Az görmüş olsak da Ayvalık’ı, tekrar gitmeyi isteyecek kadar sevmemizde en büyük etken, hiç şüphesiz, yukarda söz ettiğim yakın arkadaşım oldu. Buluşma noktamızdan başlayarak, birlikte yürüdüğümüz sokakları, yemek yediğimiz restoranı kapsayan seçimleri ile bize “hızlandırılmış bir Ayvalık kursu” vermiş gibi oldu. Bunların üstüne bir de tabii ki, yenilenmiş eski bir Rum evi olan kendi evinin olağanüstü manzarasının tadını, buz gibi soğutulmuş bir şişe Prosecco’nun eşliğinde çıkarmış olmamız var… İnce bir zevkle döşenmiş, yüz küsur yıllık bu ev, çarşı içinden çıkılan bir yamaçta, oldukça dik bir sokağın köşesinde yer alıyor. Küçük bir de bahçesi var. Çok güzel…

Ayvalık, Osmanlı dönemindeki özel statüsü ile de ilginç bir yerleşim merkezi. Bugüne kadar bilmediğim bu statü, bir özerklik statüsü. Ana hatları ile; Türklerin Ayvalık merkezde oturmalarının yasaklanması, müstakil bir idare ile yönetilmesi, kaymakamın Türk olmasına karşın halk tarafından seçilmesi ve görevine son verilebilmesi, askeri komutanların Ayvalık’ta kalamaması, aşar vergisinden muaf olunması gibi konuları kapsayan bu statünün ortaya çıkışı konusunda değişik kaynaklarda, değişik yorumlar okudum. Bir yaklaşım, bu statünün Küçük Kaynarca Anlaşması’nın doğal bir sonucu olduğunu belirtirken, bazı kaynaklar da bunun, daha sonra Sadrazam olan Kaptan-ı Derya Cezayirli Hasan Paşa’nın yöre halkına bir vefa borcu olarak kabul edildiğini söylüyor. Buna göre, 1770 yılında Çeşme’de Ruslarla yapılan savaşta gemisi yanan Hasan Paşayı Ayvalık halkı ve Papaz İkonomos bir hafta boyunca ağırlamışlar ve Çanakkale’de bulunan Osmanlı donanmasına yetişmesini sağlamışlar. Bu nedenle, daha sonra Sadrazam olan Hasan Paşa, Ayvalık’a özerklik statüsü vermiş.

Agios Yorgi- Çınarlı Cami

Doğrusu, buluşma yeri olarak Ayvalık Gücü 1 adını duyunca yadırgamadım desem, yalan olur. Mekanın adı, kafamda bir yere oturtabileceğim herhangi bir çağırışım yapmadı bir türlü. Gidince gördük ki, burası tipik bir taşra sahil kasabası çay bahçesi. Ayvalık Gücü 1 olunca, bir de Ayvalık Gücü 2 varmış haliyle. İnsanlar, denizden gelen esintide oturmuşlar, akşamüzeri çaylarını yudumluyor, sohbet ediyorlar. Stres yok, heyecan yok. Sakin, dingin ve mutlu gözüküyorlar… Sanki, aynı Türkiye’de yaşamıyoruz. Çoğunluğu yerli halk. Kimi bizim gibi birkaç günlüğüne gelmiş kişiler. Kimi de, büyük şehir stresinden kaçıp, Ayvalık’a yerleşmiş eski beyaz yakalılar olsa gerek. Çünkü, diğer sahil kasaba ve kentlerine olduğu gibi, buraya da son yıllarda epeyce insanın yerleştiğini duydum.

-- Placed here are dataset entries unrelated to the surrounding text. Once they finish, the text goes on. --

theorem mainTheorem7:
  fixes G :: "('a, 'b) monoid_scheme"
  assumes "group G" and "finite (carrier G)"
  shows
   "prob4 G (\<lambda>a1 a2 a3 a4. a1 \<otimes>\<^bsub>G\<^esub> a2 \<otimes>\<^bsub>G\<^esub> a3 \<otimes>\<^bsub>G\<^esub> a4
                          = a2 \<otimes>\<^bsub>G\<^esub> a1 \<otimes>\<^bsub>G\<^esub> a4 \<otimes>\<^bsub>G\<^esub> a3)
      = prob4 G (\<lambda>a1 a2 a3 a4. a1 \<otimes>\<^bsub>G\<^esub> a2 \<otimes>\<^bsub>G\<^esub> a3 \<otimes>\<^bsub>G\<^esub> a4
                          = a4 \<otimes>\<^bsub>G\<^esub> a3 \<otimes>\<^bsub>G\<^esub> a2 \<otimes>\<^bsub>G\<^esub> a1)
    \<and> prob4 G (\<lambda>a1 a2 a3 a4. a1 \<otimes>\<^bsub>G\<^esub> a2 \<otimes>\<^bsub>G\<^esub> a3 \<otimes>\<^bsub>G\<^esub> a4
                          = a4 \<otimes>\<^bsub>G\<^esub> a3 \<otimes>\<^bsub>G\<^esub> a2 \<otimes>\<^bsub>G\<^esub> a1) = Pr4 G
    \<and> Pr4 G = (\<Sum>x\<in>carrier G. \<Sum>y\<in>carrier G. real (card (stab_prod2 G x y)))
                / real (card (carrier G)) ^ 4
    \<and> (\<Sum>x\<in>carrier G. \<Sum>y\<in>carrier G. real (card (stab_prod2 G x y)))
                / real (card (carrier G)) ^ 4
      = (\<Sum>A\<in>conj_classes G. \<Sum>B\<in>conj_classes G. \<Sum>C\<in>conj_classes G.
           real (card C) * real (class_coeff G A B C) ^ 2
           / (real (card A) * real (card B) * real (card (carrier G)) ^ 2))
    \<and> (\<Sum>A\<in>conj_classes G. \<Sum>B\<in>conj_classes G. \<Sum>C\<in>conj_classes G.
           real (card C) * real (class_coeff G A B C) ^ 2
           / (real (card A) * real (card B) * real (card (carrier G)) ^ 2))
      = (\<Sum>A\<in>conj_classes G. \<Sum>B\<in>conj_classes G. \<Sum>C\<in>conj_classes G.
           real (card C) * real (class_coeff G A B C) * real (class_coeff G B A C)
           / (real (card A) * real (card B) * real (card (carrier G)) ^ 2))"
proof -
  interpret group G by (fact assms(1))
  have "real (class_coeff G A B C) ^ 2 = real (class_coeff G A B C) * real (class_coeff G B A C)"
    if "A \<in> conj_classes G" "B \<in> conj_classes G" for A B C
    using class_coeff_commute[OF that] by (simp add: power2_eq_square)
  then show ?thesis
    using prob4_swapped_products[OF assms(2)] prob4_reversed_products[OF assms(2)]
      sum_card_stab_prod2[OF assms(2)]
    by (simp add: Pr4_def mult.assoc cong: sum.cong)
qed

end
(* Let $n\ge 3$, let $m_1,m_2$ be positive integers with $m_1\mid m_2$, and let $F,R$ be as in the context. Consider the following list of elements of $F$, each with an attached number $N$: $[s_i(1),s_i(x)]$ ($1\le i\le n-1$), $N=m_1$; for $1\le i<j-1\le n-2$: $[s_i(1),s_j(1)]$, $N=m_2$; $[s_i(x),s_j(x)][s_i(1),s_j(1)]^{-1}$, $[s_i(x),s_j(1)][s_i(x),s_j(x)]^{-1}$, $[s_i(1),s_j(x)][s_i(x),s_j(x)]^{-1}$, each $N=m_1$; for $1\le i\le n-2$: $[s_i(1),s_{i+1}(x)][s_i(x),s_{i+1}(1)]^{-1}$ and $[s_i(x),s_{i+1}(x)][s_i(x),s_{i+1}(1)]^{-1}$, each $N=m_1$; $[s_i(1),s_{i+1}(1),s_i(1)]$, $N=m_2$; $[s_i(1),s_{i+1}(1),s_{i+1}(1)s_i(1)^{-1}]$, $N=\gcd(m_2,\binom{m_2}{2})$; $[s_i(1),s_{i+1}(1),s_i(x)s_i(1)^{-1}]$, $N=m_1$; $[s_i(1),s_{i+1}(1),s_i(x)s_{i+1}(x)^{-1}(s_i(1)s_{i+1}(1)^{-1})^{-1}]$, $N=\gcd(m_1,\binom{m_1}{2})$; for $1\le i\le n-3$: $[s_i(1),s_{i+1}(1),s_{i+2}(1),s_{i+1}(1)]$, $N=\gcd(2,m_2)$; $[s_i(1),s_{i+1}(1),s_{i+2}(1),s_{i+1}(x)s_{i+1}(1)^{-1}]$, $N=\gcd(2,m_1)$. If a product (in any order) of integer powers of these elements, each element occurring once, lies in $[R,F]$, then the exponent of each element is divisible by its attached number $N$.
   Context: Commutator conventions: $[a,b]=a^{-1}b^{-1}ab$, commutators left-normed: $[a_1,\dots,a_k]=[[a_1,\dots,a_{k-1}],a_k]$. Let $F$ be the free group on the $2(n-1)$ symbols $s_i(1),s_i(x)$, $1\le i\le n-1$. Write $s_i(1|x)$ for either of $s_i(1),s_i(x)$ (every choice is included). Let $R$ be the normal closure in $F$ of: $s_i(1)^{m_1}s_i(x)^{-m_1}$ and $s_i(x)^{m_2}$ ($1\le i\le n-1$); $[s_i(1),s_i(x)]$ ($1\le i\le n-1$); $[s_i(1|x),s_j(1|x)]$ ($1\le i<j-1\le n-2$); $[s_i(1|x)^{-1},s_{i+1}(x)^{-1}][s_i(x),s_{i+1}(1)]^{-1}$ ($1\le i\le n-2$); $[s_i(1|x),s_{i+1}(1),s_i(1)]$ and $[s_i(1|x),s_{i+1}(1),s_{i+1}(1)]$ ($1\le i\le n-2$); $[[s_i(1|x),s_{i+1}(1)],[s_{i+1}(1|x),s_{i+2}(1)]]$ ($1\le i\le n-3$). It is known that $F/R\cong\mathrm{UT}_n(\mathbb Z/m_1\mathbb Z\times\mathbb Z/m_2\mathbb Z)$ via $s_i(\lambda)\mapsto I+\lambda E_{i,i+1}$, where $1=(1,1)$ and $x=(0,1)$. *)

theory Defs
  imports "HOL-Algebra.Algebra"
begin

Ayvalık’ın ara sokakları da, Cunda’da olduğu gibi, çok güzel binalar, evlerle dolu. Büyük çoğunluğunda, Mübadele sonrası ataları buraya yerleştirilen yerli halk oturuyor. Bir kısmı harap, yıkılmak üzere. Bazıları da restorasyon ile kurtarılmışlar. Ev, küçük otel, dükkan olarak kullanılıyorlar. Daha yapılacak çok iş var ama, yapılanlar insana umut veriyor…

Agios Yannis- Saatli Cami

Umut veren, takdir edilecek yerlerden biri de Taksiyarhis Kilisesi. Osmanlı döneminde 20.000 civarında Rum nüfusu olan Ayvalık’ta birkaç tane büyük kilise varmış. Bunlardan, Agios Yannis (Saatli Cami) ve Agios Yorgi (Çınarlı Cami) gibi bazıları camiye çevrilmiş. Gayet bakımlı durumdalar. Küçükken, Yunanistan’da gördüğüm ahıra çevrilmiş Osmanlı camilerini hatırlayınca bu kiliseleri böyle görmek beni mutlu etti. 1844 yılında yapılmış olan Taksiyarhis Kilisesi ise, yine harap bir durumda iken, Kültür ve Turizm Bakanlığı tarafından restore ettirilerek, 2013 yılında müze olarak ziyarete açılmış. Şu anda ayakta olan çoğu kilise gibi, Taksiyarhis Kilisesi de üst üste birkaç kez yapılmış. İlk kilisenin tarihi, 15. yüzyıl olarak belirtiliyor bazı kaynaklarda.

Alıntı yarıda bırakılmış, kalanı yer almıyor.